_Given data_
lemma continuous_map_spoke_coord: "continuous_map realization euclideanreal (\<lambda>x. spoke_coord x b)"
  unfolding spoke_coord_def
  by (cases "leaf b", simp_all)
     (intro continuous_map_sum continuous_map_real_mult_right continuous_map_vertex_share,
      use finite_cells in auto)

lemma continuous_map_inflated_simplex_fst: "continuous_map inflated_simplex euclideanreal (\<lambda>y. fst y v)"
  unfolding inflated_simplex_def
  by (rule continuous_map_from_subtopology,
      rule continuous_map_compose[OF continuous_map_fst continuous_map_product_projection, unfolded o_def])
     simp

lemma continuous_map_inflated_simplex_snd: "continuous_map inflated_simplex euclideanreal (\<lambda>y. snd y v)"
  unfolding inflated_simplex_def
  by (rule continuous_map_from_subtopology,
      rule continuous_map_compose[OF continuous_map_snd continuous_map_product_projection, unfolded o_def])
     simp

lemma continuous_map_into_inflated_simplex:
  "(\<And>v. continuous_map T euclideanreal (\<lambda>x. fst (f x) v)) \<Longrightarrow>
   (\<And>v. continuous_map T euclideanreal (\<lambda>x. snd (f x) v)) \<Longrightarrow>
   (\<And>x. x \<in> topspace T \<Longrightarrow> f x \<in> inflated_points) \<Longrightarrow> continuous_map T inflated_simplex f"
  unfolding inflated_simplex_def continuous_map_in_subtopology continuous_map_pairwise o_def
    continuous_map_componentwise_UNIV
  by blast

lemma continuous_map_lower_level:
  assumes "p \<in> cells"
  shows "continuous_map inflated_simplex euclideanreal (\<lambda>y. lower_level (fst y) (snd y) p)"
proof -
  define level :: "'v + 'v \<Rightarrow> ('v \<Rightarrow> real) \<times> ('v \<Rightarrow> real) \<Rightarrow> real"
    where "level i y = (case i of Inl v \<Rightarrow> fst y v | Inr b \<Rightarrow> spoke_sign (snd p) b * snd y b)" for i y
  define I where "I = Inl ` fst p \<union> Inr ` {b. leaf b \<and> spoke b \<subseteq> fst p}"
  have "lower_level (fst y) (snd y) p = Min ((\<lambda>i. level i y) ` I)" for y
    unfolding lower_level_def I_def level_def image_Un image_image by simp
  moreover have "continuous_map inflated_simplex euclideanreal (\<lambda>y. Min ((\<lambda>i. level i y) ` I))"
  proof (rule continuous_map_Min)
    show "finite I" unfolding I_def using finite_cell[OF assms] finite_spokes_in by simp
    show "I \<noteq> {}" unfolding I_def using cellsD(1)[OF assms] by simp
    show "continuous_map inflated_simplex euclideanreal (level i)" for i
      unfolding level_def
      by (cases i) (simp_all add: continuous_map_inflated_simplex_fst continuous_map_inflated_simplex_snd
          continuous_map_real_mult_left)
  qed
  ultimately show ?thesis by simp
qed

lemma continuous_map_upper_level:
  "continuous_map inflated_simplex euclideanreal (\<lambda>y. upper_level (fst y) p)"
proof -
  define level :: "'v option \<Rightarrow> ('v \<Rightarrow> real) \<times> ('v \<Rightarrow> real) \<Rightarrow> real"
    where "level i y = (case i of None \<Rightarrow> 0 | Some v \<Rightarrow> fst y v)" for i y
  define I where "I = insert None (Some ` (V - fst p))"
  have "upper_level (fst y) p = Max ((\<lambda>i. level i y) ` I)" for y
    unfolding upper_level_def I_def level_def image_insert image_image by simp
  moreover have "continuous_map inflated_simplex euclideanreal (\<lambda>y. Max ((\<lambda>i. level i y) ` I))"
  proof (rule continuous_map_Max)
    show "finite I" unfolding I_def using finite_V by simp
    show "I \<noteq> {}" unfolding I_def by simp
    show "continuous_map inflated_simplex euclideanreal (level i)" for i
      unfolding level_def by (cases i) (simp_all add: continuous_map_inflated_simplex_fst)
  qed
  ultimately show ?thesis by simp
qed

lemma cell_weight_inverse:
  assumes "y \<in> inflated_points"
  shows "cell_weight (fst y) (snd y) \<in> topspace realization"
    "vertex_coord (cell_weight (fst y) (snd y)) = fst y" "spoke_coord (cell_weight (fst y) (snd y)) = snd y"
proof -
  obtain x where x: "x \<in> topspace realization" "vertex_coord x = fst y" "spoke_coord x = snd y"
    using inflated_point_has_preimage[of "fst y" "snd y"] assms by auto
  then have "cell_weight (fst y) (snd y) = x" using cell_weight_coords[OF x(1)] by simp
  then show "cell_weight (fst y) (snd y) \<in> topspace realization"
    "vertex_coord (cell_weight (fst y) (snd y)) = fst y" "spoke_coord (cell_weight (fst y) (snd y)) = snd y"
    using x by simp_all
qed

_Instructions to follow_
Where in the records above does the word "realization" appear? Copy each line that holds it.

_Solution to the problem_
lemma continuous_map_spoke_coord: "continuous_map realization euclideanreal (\<lambda>x. spoke_coord x b)"
  shows "cell_weight (fst y) (snd y) \<in> topspace realization"
  obtain x where x: "x \<in> topspace realization" "vertex_coord x = fst y" "spoke_coord x = snd y"
  then show "cell_weight (fst y) (snd y) \<in> topspace realization"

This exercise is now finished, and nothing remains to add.